Supplied material:
▬▬▬

lemma zp_val_eq_imp_digit_neq_0:
  assumes "zp_val d = enat k"
  shows "d k \<noteq> 0"
proof -
  have ex: "\<not> (\<forall>i. d i = 0)"
  proof
    assume "\<forall>i. d i = 0"
    then have "zp_val d = \<infinity>"
      unfolding zp_val_def by simp
    with assms show False by simp
  qed
  then have "zp_val d = enat (LEAST i. d i \<noteq> 0)"
    unfolding zp_val_def by (rule if_not_P)
  with assms have "(LEAST i. d i \<noteq> 0) = k"
    by simp
  with LeastI_ex[of "\<lambda>i. d i \<noteq> 0"] ex show ?thesis
    by auto
qed

section \<open>Primitive zeros\<close>

definition bq_hom_eval :: "biquad \<Rightarrow> nat \<Rightarrow> int \<Rightarrow> int \<Rightarrow> int \<Rightarrow> int \<Rightarrow> int" where
  "bq_hom_eval f n x\<^sub>0 x\<^sub>1 y\<^sub>0 y\<^sub>1 =
    (\<Sum>i\<le>2. \<Sum>j\<le>2. f i j n * x\<^sub>0 ^ i * x\<^sub>1 ^ (2 - i) * y\<^sub>0 ^ j * y\<^sub>1 ^ (2 - j))"

text \<open>The index reversal \<open>i \<mapsto> 2 - i\<close> turns \<open>a\<^sub>i\<^sub>j X\<^sub>0\<^bsup>2-i\<^esup> X\<^sub>1\<^sup>i Y\<^sub>0\<^bsup>2-j\<^esup> Y\<^sub>1\<^sup>j\<close> into the
  convention of \<open>bq_eval\<close>, where \<open>f i j\<close> multiplies \<open>x ^ i * y ^ j\<close>.\<close>

lemma bihom_eval_eq_bq_hom_eval:
  "bihom_eval P A X\<^sub>0 X\<^sub>1 Y\<^sub>0 Y\<^sub>1 n = bq_hom_eval (\<lambda>i j. zp_trunc P (A (2 - i) (2 - j))) n
      (zp_trunc P X\<^sub>0 n) (zp_trunc P X\<^sub>1 n) (zp_trunc P Y\<^sub>0 n) (zp_trunc P Y\<^sub>1 n)"
  unfolding bihom_eval_def bq_hom_eval_def by (simp add: numeral_2_eq_2 algebra_simps)
lemma abs_apply_linf_le_norm: "\<bar>apply_bcontfun g i\<bar> \<le> norm (g :: linf)"
  using norm_bounded[of g i] by simp

lemma unitvec_apply: "apply_bcontfun (unitvec k) i = (if i = k then 1 else 0)"
  unfolding unitvec_def by (subst apply_Bcontfun_nat[where M = 1]) auto

lemma apply_linf_sum_unitvec:
  "apply_bcontfun (\<Sum>k<K. a k *\<^sub>R unitvec k) i = (if i < K then a i else 0)"
proof -
  have "apply_bcontfun (\<Sum>k<K. a k *\<^sub>R unitvec k) i = (\<Sum>k<K. a k * apply_bcontfun (unitvec k) i)"
    by (induction K) auto
  also have "\<dots> = (if i < K then a i else 0)"
    by (simp add: unitvec_apply if_distrib sum.delta' cong: if_cong)
  finally show ?thesis .
qed

lemma bounded_linear_linf_eval: "bounded_linear (\<lambda>g :: linf. apply_bcontfun g i)"
  by (rule bounded_linear_intro[where K = 1]) (auto simp: abs_apply_linf_le_norm)

lemma onorm_linf_eval_le: "onorm (\<lambda>g :: linf. apply_bcontfun g i) \<le> 1"
  by (rule onorm_bound) (auto simp: abs_apply_linf_le_norm)

lemma sum_abs_unitvec_le_onorm:
  assumes "bounded_linear \<phi>"
  shows "(\<Sum>k<K. \<bar>\<phi> (unitvec k)\<bar>) \<le> onorm \<phi>"
proof -
  define g where "g = (\<Sum>k<K. sgn (\<phi> (unitvec k)) *\<^sub>R unitvec k)"
  have "norm g \<le> 1"
    unfolding g_def by (rule norm_bound) (simp add: apply_linf_sum_unitvec abs_sgn_eq)
  have "(\<Sum>k<K. \<bar>\<phi> (unitvec k)\<bar>) = \<phi> g"
  proof -
    have "sgn a * a = \<bar>a\<bar>" for a :: real
      by (simp add: sgn_if)
    then show ?thesis
      unfolding g_def using assms by (simp add: linear_sum linear_scale bounded_linear.linear)
  qed
  also have "\<dots> \<le> onorm \<phi> * norm g"
    using onorm[OF assms, of g] by simp
  also have "\<dots> \<le> onorm \<phi>"
    using \<open>norm g \<le> 1\<close> onorm_pos_le[OF assms] by (simp add: mult_left_le)
  finally show ?thesis .
qed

▬▬▬

About this task: Each record above is to be given again without any change to its wording.

Solution:
lemma zp_val_eq_imp_digit_neq_0:
  assumes "zp_val d = enat k"
  shows "d k \<noteq> 0"
proof -
  have ex: "\<not> (\<forall>i. d i = 0)"
  proof
    assume "\<forall>i. d i = 0"
    then have "zp_val d = \<infinity>"
      unfolding zp_val_def by simp
    with assms show False by simp
  qed
  then have "zp_val d = enat (LEAST i. d i \<noteq> 0)"
    unfolding zp_val_def by (rule if_not_P)
  with assms have "(LEAST i. d i \<noteq> 0) = k"
    by simp
  with LeastI_ex[of "\<lambda>i. d i \<noteq> 0"] ex show ?thesis
    by auto
qed

section \<open>Primitive zeros\<close>

definition bq_hom_eval :: "biquad \<Rightarrow> nat \<Rightarrow> int \<Rightarrow> int \<Rightarrow> int \<Rightarrow> int \<Rightarrow> int" where
  "bq_hom_eval f n x\<^sub>0 x\<^sub>1 y\<^sub>0 y\<^sub>1 =
    (\<Sum>i\<le>2. \<Sum>j\<le>2. f i j n * x\<^sub>0 ^ i * x\<^sub>1 ^ (2 - i) * y\<^sub>0 ^ j * y\<^sub>1 ^ (2 - j))"

text \<open>The index reversal \<open>i \<mapsto> 2 - i\<close> turns \<open>a\<^sub>i\<^sub>j X\<^sub>0\<^bsup>2-i\<^esup> X\<^sub>1\<^sup>i Y\<^sub>0\<^bsup>2-j\<^esup> Y\<^sub>1\<^sup>j\<close> into the
  convention of \<open>bq_eval\<close>, where \<open>f i j\<close> multiplies \<open>x ^ i * y ^ j\<close>.\<close>

lemma bihom_eval_eq_bq_hom_eval:
  "bihom_eval P A X\<^sub>0 X\<^sub>1 Y\<^sub>0 Y\<^sub>1 n = bq_hom_eval (\<lambda>i j. zp_trunc P (A (2 - i) (2 - j))) n
      (zp_trunc P X\<^sub>0 n) (zp_trunc P X\<^sub>1 n) (zp_trunc P Y\<^sub>0 n) (zp_trunc P Y\<^sub>1 n)"
  unfolding bihom_eval_def bq_hom_eval_def by (simp add: numeral_2_eq_2 algebra_simps)
lemma abs_apply_linf_le_norm: "\<bar>apply_bcontfun g i\<bar> \<le> norm (g :: linf)"
  using norm_bounded[of g i] by simp

lemma unitvec_apply: "apply_bcontfun (unitvec k) i = (if i = k then 1 else 0)"
  unfolding unitvec_def by (subst apply_Bcontfun_nat[where M = 1]) auto

lemma apply_linf_sum_unitvec:
  "apply_bcontfun (\<Sum>k<K. a k *\<^sub>R unitvec k) i = (if i < K then a i else 0)"
proof -
  have "apply_bcontfun (\<Sum>k<K. a k *\<^sub>R unitvec k) i = (\<Sum>k<K. a k * apply_bcontfun (unitvec k) i)"
    by (induction K) auto
  also have "\<dots> = (if i < K then a i else 0)"
    by (simp add: unitvec_apply if_distrib sum.delta' cong: if_cong)
  finally show ?thesis .
qed

lemma bounded_linear_linf_eval: "bounded_linear (\<lambda>g :: linf. apply_bcontfun g i)"
  by (rule bounded_linear_intro[where K = 1]) (auto simp: abs_apply_linf_le_norm)

lemma onorm_linf_eval_le: "onorm (\<lambda>g :: linf. apply_bcontfun g i) \<le> 1"
  by (rule onorm_bound) (auto simp: abs_apply_linf_le_norm)

lemma sum_abs_unitvec_le_onorm:
  assumes "bounded_linear \<phi>"
  shows "(\<Sum>k<K. \<bar>\<phi> (unitvec k)\<bar>) \<le> onorm \<phi>"
proof -
  define g where "g = (\<Sum>k<K. sgn (\<phi> (unitvec k)) *\<^sub>R unitvec k)"
  have "norm g \<le> 1"
    unfolding g_def by (rule norm_bound) (simp add: apply_linf_sum_unitvec abs_sgn_eq)
  have "(\<Sum>k<K. \<bar>\<phi> (unitvec k)\<bar>) = \<phi> g"
  proof -
    have "sgn a * a = \<bar>a\<bar>" for a :: real
      by (simp add: sgn_if)
    then show ?thesis
      unfolding g_def using assms by (simp add: linear_sum linear_scale bounded_linear.linear)
  qed
  also have "\<dots> \<le> onorm \<phi> * norm g"
    using onorm[OF assms, of g] by simp
  also have "\<dots> \<le> onorm \<phi>"
    using \<open>norm g \<le> 1\<close> onorm_pos_le[OF assms] by (simp add: mult_left_le)
  finally show ?thesis .
qed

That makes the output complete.